Underneath sophomore Bryant Ramirez’s Columbia blue and white basketball jersey, a small word is inscribed onto the right side of his chest wrapped around a chained locket with the initials V.R. in the center. Pura Vida, it reads. In Costa Rica, this can mean hello or goodbye, but to 16-year-old Bryant it means love and life.

It’s the middle of a game and Bryant is on the free throw line. He pats his chest three times over the intertwined tattoos before he shoots. Everything else around him is quiet. This world is the only one where his mom still exists. The world where she didn’t die of a drug overdose when he was nine. The world where he can still hear her cheering him on—a voice inside of his head.

C’mon Bryant! You can do this.

His mom, Valarie, died of a drug overdose when he was nine, the same year that he discovered basketball. He noticed that his dad’s new house had a basketball goal in the driveway just before she died, so one day he decided to pick up a basketball and give it a try. He began to shoot there in his driveway every day after school for fun—for a place to escape to.

“When I first started playing I was like, this is something I can do and feel like I’m doing good at,” Bryant said, “that was when everything started.”

The day Valarie died was just an average day. He had just been dropped off at his dad’s house when he grabbed his basketball and headed outside, now a daily routine. The weather was nice and he could hear the squeaking ball bounce up and down on the concrete as he dribbled. Bryant was shooting baskets when Will, his dad, called him inside.

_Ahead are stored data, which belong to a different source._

definition Qcar :: "'v set \<Rightarrow> 'e set \<Rightarrow> ('e \<Rightarrow> 'v) \<Rightarrow> ('e \<Rightarrow> 'v) \<Rightarrow> ('v,'e,'k::field) pa set \<Rightarrow> ('v,'e,'k) pa set set" where
  "Qcar V E src tgt I = cls I ` PA V E src tgt"

definition qadd :: "('v,'e,'k::field) pa set \<Rightarrow> ('v,'e,'k) pa set \<Rightarrow> ('v,'e,'k) pa set" where
  "qadd A B = {padd a b | a b. a \<in> A \<and> b \<in> B}"

definition qscale :: "('v,'e,'k::field) pa set \<Rightarrow> 'k \<Rightarrow> ('v,'e,'k) pa set \<Rightarrow> ('v,'e,'k) pa set" where
  "qscale I c A = {padd (psc c a) i | a i. a \<in> A \<and> i \<in> I}"

definition qmult :: "('e \<Rightarrow> 'v) \<Rightarrow> ('v,'e,'k::field) pa set \<Rightarrow> ('v,'e,'k) pa set \<Rightarrow> ('v,'e,'k) pa set \<Rightarrow> ('v,'e,'k) pa set" where
  "qmult tgt I A B = {padd (pmult tgt a b) i | a b i. a \<in> A \<and> b \<in> B \<and> i \<in> I}"

definition qsum :: "('v,'e,'k::field) pa set \<Rightarrow> 'j set \<Rightarrow> ('j \<Rightarrow> ('v,'e,'k) pa set) \<Rightarrow> ('v,'e,'k) pa set" where
  "qsum I S A = {padd (\<lambda>p. \<Sum>j\<in>S. f j p) i | f i. (\<forall>j\<in>S. f j \<in> A j) \<and> i \<in> I}"

definition is_quot_basis :: "'v set \<Rightarrow> 'e set \<Rightarrow> ('e \<Rightarrow> 'v) \<Rightarrow> ('e \<Rightarrow> 'v) \<Rightarrow> ('v,'e,'k::field) pa set \<Rightarrow> ('v,'e,'k) pa set set \<Rightarrow> bool" where
  "is_quot_basis V E src tgt I Qb \<longleftrightarrow> Qb \<subseteq> Qcar V E src tgt I
     \<and> (\<forall>A\<in>Qcar V E src tgt I. \<exists>S c. finite S \<and> S \<subseteq> Qb \<and> A = qsum I S (\<lambda>q. qscale I (c q) q))
     \<and> (\<forall>S c. finite S \<and> S \<subseteq> Qb \<and> qsum I S (\<lambda>q. qscale I (c q) q) = I \<longrightarrow> (\<forall>q\<in>S. c q = 0))"

text \<open>Start / end vertex of a basis element (of any representing path).\<close>
definition qrep :: "'v set \<Rightarrow> 'e set \<Rightarrow> ('e \<Rightarrow> 'v) \<Rightarrow> ('e \<Rightarrow> 'v) \<Rightarrow> ('v,'e,'k::field) pa set \<Rightarrow> ('v,'e,'k) pa set \<Rightarrow> ('v,'e) path" where
  "qrep V E src tgt I q = (SOME p. is_path V E src tgt p \<and> cls I (delta p) = q)"

definition qt where "qt V E src tgt I q = fst (qrep V E src tgt I q)"
definition qh where "qh V E src tgt I q = pend tgt (qrep V E src tgt I q)"

definition QA :: "'v set \<Rightarrow> 'e set \<Rightarrow> ('e \<Rightarrow> 'v) \<Rightarrow> ('e \<Rightarrow> 'v) \<Rightarrow> ('v,'e,'k::field) pa set \<Rightarrow> ('v,'e,'k) pa set set \<Rightarrow> ('v,'e,'k) pa set set" where
  "QA V E src tgt I Qb = {q \<in> Qb. qt V E src tgt I q \<noteq> qh V E src tgt I q}"

text \<open>Differential operators k Gamma -> k Gamma / I (k-linear, Leibniz rule);
  extensional: value 0 (= I) outside the carrier.\<close>
definition Diff :: "'v set \<Rightarrow> 'e set \<Rightarrow> ('e \<Rightarrow> 'v) \<Rightarrow> ('e \<Rightarrow> 'v) \<Rightarrow> ('v,'e,'k::field) pa set
     \<Rightarrow> (('v,'e,'k) pa \<Rightarrow> ('v,'e,'k) pa set) set" where
  "Diff V E src tgt I = {D.
     (\<forall>x\<in>PA V E src tgt. D x \<in> Qcar V E src tgt I)
   \<and> (\<forall>x. x \<notin> PA V E src tgt \<longrightarrow> D x = I)
   \<and> (\<forall>x\<in>PA V E src tgt. \<forall>y\<in>PA V E src tgt. D (padd x y) = qadd (D x) (D y))
   \<and> (\<forall>c. \<forall>x\<in>PA V E src tgt. D (psc c x) = qscale I c (D x))
   \<and> (\<forall>x\<in>PA V E src tgt. \<forall>y\<in>PA V E src tgt.
        D (pmult tgt x y) = qadd (qmult tgt I (D x) (cls I y)) (qmult tgt I (cls I x) (D y)))}"

definition Dinner :: "'v set \<Rightarrow> 'e set \<Rightarrow> ('e \<Rightarrow> 'v) \<Rightarrow> ('e \<Rightarrow> 'v) \<Rightarrow> ('v,'e,'k::field) pa set
     \<Rightarrow> ('v,'e,'k) pa set \<Rightarrow> ('v,'e,'k) pa \<Rightarrow> ('v,'e,'k) pa set" where
  "Dinner V E src tgt I m = (\<lambda>x. if x \<in> PA V E src tgt
      then qadd (qmult tgt I m (cls I x)) (qscale I (-1) (qmult tgt I (cls I x) m)) else I)"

Will was standing in the kitchen. He put the phone down.

“When my dad was telling me ‘oh we all love you we’re all here for you, me and your family,’ I noticed that he wasn’t mentioning my mom in that conversation,” Bryant said. “My first thought was she was just in jail again.”

It wouldn’t have been the first time him and his dad had that talk. His mom had gone to jail for drugs in the past, so it was easy for him to think that was the case.

Yeah, he thought. Jail again.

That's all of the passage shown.